What to do
Scan the records below for the string "fixes" and return every line where it appears.

Data to use

(* (Transversality Mapping Theorem.) Let $E:\mathbb{R}^{N_x}\to\mathbb{R}$ be twice differentiable, and consider the optimal control problem (R): minimize $y(t_f)$ over state trajectories $(y(\cdot),\boldsymbol x(\cdot),\boldsymbol v(\cdot))$ with unconstrained controls $\boldsymbol u(t)\in\mathbb{R}^{N_x}$ and free final time $t_f$, subject to $\dot{\boldsymbol x}=\boldsymbol v$, $\dot{\boldsymbol v}=\boldsymbol u$, $\dot y=\nabla E(\boldsymbol x)\cdot\boldsymbol v$, $(\boldsymbol x(t_0),t_0)=(\boldsymbol x^0,t^0)$, $y(t_0)=E(\boldsymbol x^0)$, $\boldsymbol v(t_f)=\mathbf 0$, with $t_f$, $\boldsymbol x(t_f)$, $\boldsymbol v(t_0)$ free. Then the first-order necessary condition for the static problem $\min_{\boldsymbol x_f\in\mathbb{R}^{N_x}}E(\boldsymbol x_f)$ is embedded in the terminal transversality condition of (R): along any extremal of (R), the terminal transversality condition $\boldsymbol\lambda_x(t_f)=\mathbf 0$ implies $\nabla E(\boldsymbol x_f)=\mathbf 0$, where $\boldsymbol x_f=\boldsymbol x(t_f)$.
   Context: The Pontryagin Hamiltonian of (R) is $H=\boldsymbol\lambda_x\cdot\boldsymbol v+\boldsymbol\lambda_v\cdot\boldsymbol u+\lambda_y\,\nabla E(\boldsymbol x)\cdot\boldsymbol v$. An extremal is a state–control trajectory together with costates $(\boldsymbol\lambda_x,\boldsymbol\lambda_v,\lambda_y)$ and a cost multiplier $\nu_0\ge0$, not all multipliers vanishing, satisfying the adjoint equations $\dot{\boldsymbol\lambda}_x=-\lambda_y\nabla^2E(\boldsymbol x)\boldsymbol v$, $\dot{\boldsymbol\lambda}_v=-\boldsymbol\lambda_x-\lambda_y\nabla E(\boldsymbol x)$, $\dot\lambda_y=0$; the transversality conditions $\boldsymbol\lambda_x(t_f)=\mathbf 0$, $\boldsymbol\lambda_v(t_0)=\mathbf 0$, $\lambda_y(t_f)=\nu_0$; and the Hamiltonian minimization condition ($\boldsymbol u(t)$ minimizes $H$ over $\mathbb{R}^{N_x}$, which for this $H$ linear in an unconstrained $\boldsymbol u$ forces $\partial_{\boldsymbol u}H=\boldsymbol\lambda_v(t)=\mathbf 0$ for all $t\in[t_0,t_f]$). *)

theory Defs
  imports "HOL-Analysis.Analysis"
begin

text \<open>R^{N_x} is modelled by an arbitrary Euclidean space 'a.
  E is twice (Frechet) differentiable with gradient gE and Hessian HE.\<close>
definition twice_diff_grad_hess ::
  "('a::euclidean_space \<Rightarrow> real) \<Rightarrow> ('a \<Rightarrow> 'a) \<Rightarrow> ('a \<Rightarrow> 'a \<Rightarrow> 'a) \<Rightarrow> bool" where
  "twice_diff_grad_hess E gE HE \<longleftrightarrow>
     (\<forall>z. (E has_derivative (\<lambda>h. gE z \<bullet> h)) (at z) \<and> (gE has_derivative HE z) (at z))"

definition hamiltonian_R ::
  "('a::euclidean_space \<Rightarrow> 'a) \<Rightarrow> 'a \<Rightarrow> 'a \<Rightarrow> real \<Rightarrow> 'a \<Rightarrow> 'a \<Rightarrow> 'a \<Rightarrow> real" where
  "hamiltonian_R gE lx lv ly z w u = lx \<bullet> w + lv \<bullet> u + ly * (gE z \<bullet> w)"

definition admissible_R ::
  "('a::euclidean_space \<Rightarrow> real) \<Rightarrow> ('a \<Rightarrow> 'a) \<Rightarrow> 'a \<Rightarrow> real \<Rightarrow> real \<Rightarrow>
   (real \<Rightarrow> real) \<Rightarrow> (real \<Rightarrow> 'a) \<Rightarrow> (real \<Rightarrow> 'a) \<Rightarrow> (real \<Rightarrow> 'a) \<Rightarrow> bool" where
  "admissible_R E gE x0 t0 tf y x v u \<longleftrightarrow>
     t0 < tf \<and> x t0 = x0 \<and> y t0 = E x0 \<and> v tf = 0 \<and>
     (\<forall>t\<in>{t0..tf}.
        (x has_vector_derivative v t) (at t within {t0..tf}) \<and>
        (v has_vector_derivative u t) (at t within {t0..tf}) \<and>
        (y has_real_derivative (gE (x t) \<bullet> v t)) (at t within {t0..tf}))"

definition extremal_R ::
  "('a::euclidean_space \<Rightarrow> real) \<Rightarrow> ('a \<Rightarrow> 'a) \<Rightarrow> ('a \<Rightarrow> 'a \<Rightarrow> 'a) \<Rightarrow> 'a \<Rightarrow> real \<Rightarrow> real \<Rightarrow>
   (real \<Rightarrow> real) \<Rightarrow> (real \<Rightarrow> 'a) \<Rightarrow> (real \<Rightarrow> 'a) \<Rightarrow> (real \<Rightarrow> 'a) \<Rightarrow>
   (real \<Rightarrow> 'a) \<Rightarrow> (real \<Rightarrow> 'a) \<Rightarrow> (real \<Rightarrow> real) \<Rightarrow> real \<Rightarrow> bool" where
  "extremal_R E gE HE x0 t0 tf y x v u lx lv ly nu0 \<longleftrightarrow>
     admissible_R E gE x0 t0 tf y x v u \<and>
     nu0 \<ge> 0 \<and>
     \<not> (nu0 = 0 \<and> (\<forall>t\<in>{t0..tf}. lx t = 0 \<and> lv t = 0 \<and> ly t = 0)) \<and>
     (\<forall>t\<in>{t0..tf}.
        (lx has_vector_derivative (- (ly t *\<^sub>R HE (x t) (v t)))) (at t within {t0..tf}) \<and>
        (lv has_vector_derivative (- lx t - ly t *\<^sub>R gE (x t))) (at t within {t0..tf}) \<and>
        (ly has_real_derivative 0) (at t within {t0..tf})) \<and>
     lx tf = 0 \<and> lv t0 = 0 \<and> ly tf = nu0 \<and>
     (\<forall>t\<in>{t0..tf}. \<forall>w.
        hamiltonian_R gE (lx t) (lv t) (ly t) (x t) (v t) (u t)
          \<le> hamiltonian_R gE (lx t) (lv t) (ly t) (x t) (v t) w)"

end

theory Submission
  imports Defs
begin

text \<open>Since the Hamiltonian is linear in the unconstrained control, its minimisation forces
  \<open>\<lambda>\<^sub>v \<equiv> 0\<close>; the adjoint equation for \<open>\<lambda>\<^sub>v\<close> then becomes the stationarity identity
  \<open>\<lambda>\<^sub>x + \<lambda>\<^sub>y \<nabla>E(x) \<equiv> 0\<close>. The costate \<open>\<lambda>\<^sub>y\<close> is constant, equal to \<open>\<nu>\<^sub>0\<close>, and \<open>\<nu>\<^sub>0 = 0\<close>
  would make all multipliers vanish. Hence \<open>\<nu>\<^sub>0 > 0\<close>, and at \<open>t\<^sub>f\<close> the transversality
  condition \<open>\<lambda>\<^sub>x(t\<^sub>f) = 0\<close> leaves \<open>\<nu>\<^sub>0 \<nabla>E(x\<^sub>f) = 0\<close>.\<close>

lemma inner_minimal_everywhere_imp_zero:
  fixes c u :: "'a::real_inner"
  assumes "\<And>w. c \<bullet> u \<le> c \<bullet> w"
  shows "c = 0"
proof -
  have "c \<bullet> u \<le> c \<bullet> (u - c)" by (rule assms)
  then have "c \<bullet> c \<le> 0" by (simp add: inner_diff_right)
  then show ?thesis by (metis inner_gt_zero_iff not_le)
qed

lemma has_vector_derivative_zero_if_constant_on_interval:
  fixes f :: "real \<Rightarrow> 'a::real_normed_vector"
  assumes "a < b" and "t \<in> {a..b}"
    and "\<And>s. s \<in> {a..b} \<Longrightarrow> f s = k"
    and "(f has_vector_derivative f') (at t within {a..b})"
  shows "f' = 0"
proof -
  have "(f has_vector_derivative 0) (at t within {a..b})"
    by (rule has_vector_derivative_transform_within[where f="\<lambda>_. k" and d=1])
       (use assms(2,3) in auto)
  with assms show ?thesis
    using vector_derivative_unique_within_closed_interval[of a b t f f' 0] by simp
qed

context
  fixes E :: "'a::euclidean_space \<Rightarrow> real"
    and gE :: "'a \<Rightarrow> 'a" and HE :: "'a \<Rightarrow> 'a \<Rightarrow> 'a"
    and x0 :: 'a and t0 tf :: real
    and y :: "real \<Rightarrow> real" and x v u :: "real \<Rightarrow> 'a"
    and lx lv :: "real \<Rightarrow> 'a" and ly :: "real \<Rightarrow> real" and nu0 :: real
  assumes extremal: "extremal_R E gE HE x0 t0 tf y x v u lx lv ly nu0"
begin

lemma extremal_R_interval_nondegenerate: "t0 < tf"
  using extremal unfolding extremal_R_def admissible_R_def by blast

lemma extremal_R_control_costate_zero:
  assumes "t \<in> {t0..tf}"
  shows "lv t = 0"
proof (rule inner_minimal_everywhere_imp_zero)
  fix w
  have "hamiltonian_R gE (lx t) (lv t) (ly t) (x t) (v t) (u t)
          \<le> hamiltonian_R gE (lx t) (lv t) (ly t) (x t) (v t) w"
    using extremal assms unfolding extremal_R_def by blast
  then show "lv t \<bullet> u t \<le> lv t \<bullet> w"
    by (simp add: hamiltonian_R_def)
qed

lemma extremal_R_stationarity:
  assumes "t \<in> {t0..tf}"
  shows "lx t + ly t *\<^sub>R gE (x t) = 0"
proof -
  have "(lv has_vector_derivative (- lx t - ly t *\<^sub>R gE (x t))) (at t within {t0..tf})"
    using extremal assms unfolding extremal_R_def by blast
  then have "- lx t - ly t *\<^sub>R gE (x t) = 0"
    using has_vector_derivative_zero_if_constant_on_interval[OF extremal_R_interval_nondegenerate assms]
      extremal_R_control_costate_zero by blast
  then show ?thesis
    by (simp add: neg_eq_iff_add_eq_0)
qed

lemma extremal_R_cost_costate_constant:
  assumes "t \<in> {t0..tf}"
  shows "ly t = nu0"
proof -
  obtain c where c: "\<forall>s\<in>{t0..tf}. ly s = c"
    using has_field_derivative_zero_constant[of "{t0..tf}" ly] extremal
    unfolding extremal_R_def by auto
  have "tf \<in> {t0..tf}" using extremal_R_interval_nondegenerate by simp
  with c assms extremal show ?thesis
    unfolding extremal_R_def by auto
qed

lemma extremal_R_normal: "nu0 > 0"
proof -
  have "nu0 \<noteq> 0"
  proof
    assume "nu0 = 0"
    then have "lx t = 0 \<and> lv t = 0 \<and> ly t = 0" if "t \<in> {t0..tf}" for t
      using that extremal_R_cost_costate_constant extremal_R_stationarity[OF that]
        extremal_R_control_costate_zero by simp
    with \<open>nu0 = 0\<close> extremal show False
      unfolding extremal_R_def by blast
  qed
  moreover have "nu0 \<ge> 0"
    using extremal unfolding extremal_R_def by blast
  ultimately show ?thesis by simp
qed

end

theorem theorem2:
  fixes E :: "'a::euclidean_space \<Rightarrow> real"
    and gE :: "'a \<Rightarrow> 'a" and HE :: "'a \<Rightarrow> 'a \<Rightarrow> 'a"
    and x0 :: 'a and t0 tf :: real
    and y :: "real \<Rightarrow> real" and x v u :: "real \<Rightarrow> 'a"
    and lx lv :: "real \<Rightarrow> 'a" and ly :: "real \<Rightarrow> real" and nu0 :: real
  assumes "twice_diff_grad_hess E gE HE"
    and "extremal_R E gE HE x0 t0 tf y x v u lx lv ly nu0"
  shows "lx tf = 0 \<longrightarrow> gE (x tf) = 0"
proof
  assume "lx tf = 0"
  have tf: "tf \<in> {t0..tf}"
    using extremal_R_interval_nondegenerate[OF assms(2)] by simp
  have "nu0 *\<^sub>R gE (x tf) = 0"
    using extremal_R_stationarity[OF assms(2) tf] extremal_R_cost_costate_constant[OF assms(2) tf]
      \<open>lx tf = 0\<close> by simp
  with extremal_R_normal[OF assms(2)] show "gE (x tf) = 0" by simp
qed

end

Answer for the task
  fixes c u :: "'a::real_inner"
  fixes f :: "real \<Rightarrow> 'a::real_normed_vector"
  fixes E :: "'a::euclidean_space \<Rightarrow> real"
  fixes E :: "'a::euclidean_space \<Rightarrow> real"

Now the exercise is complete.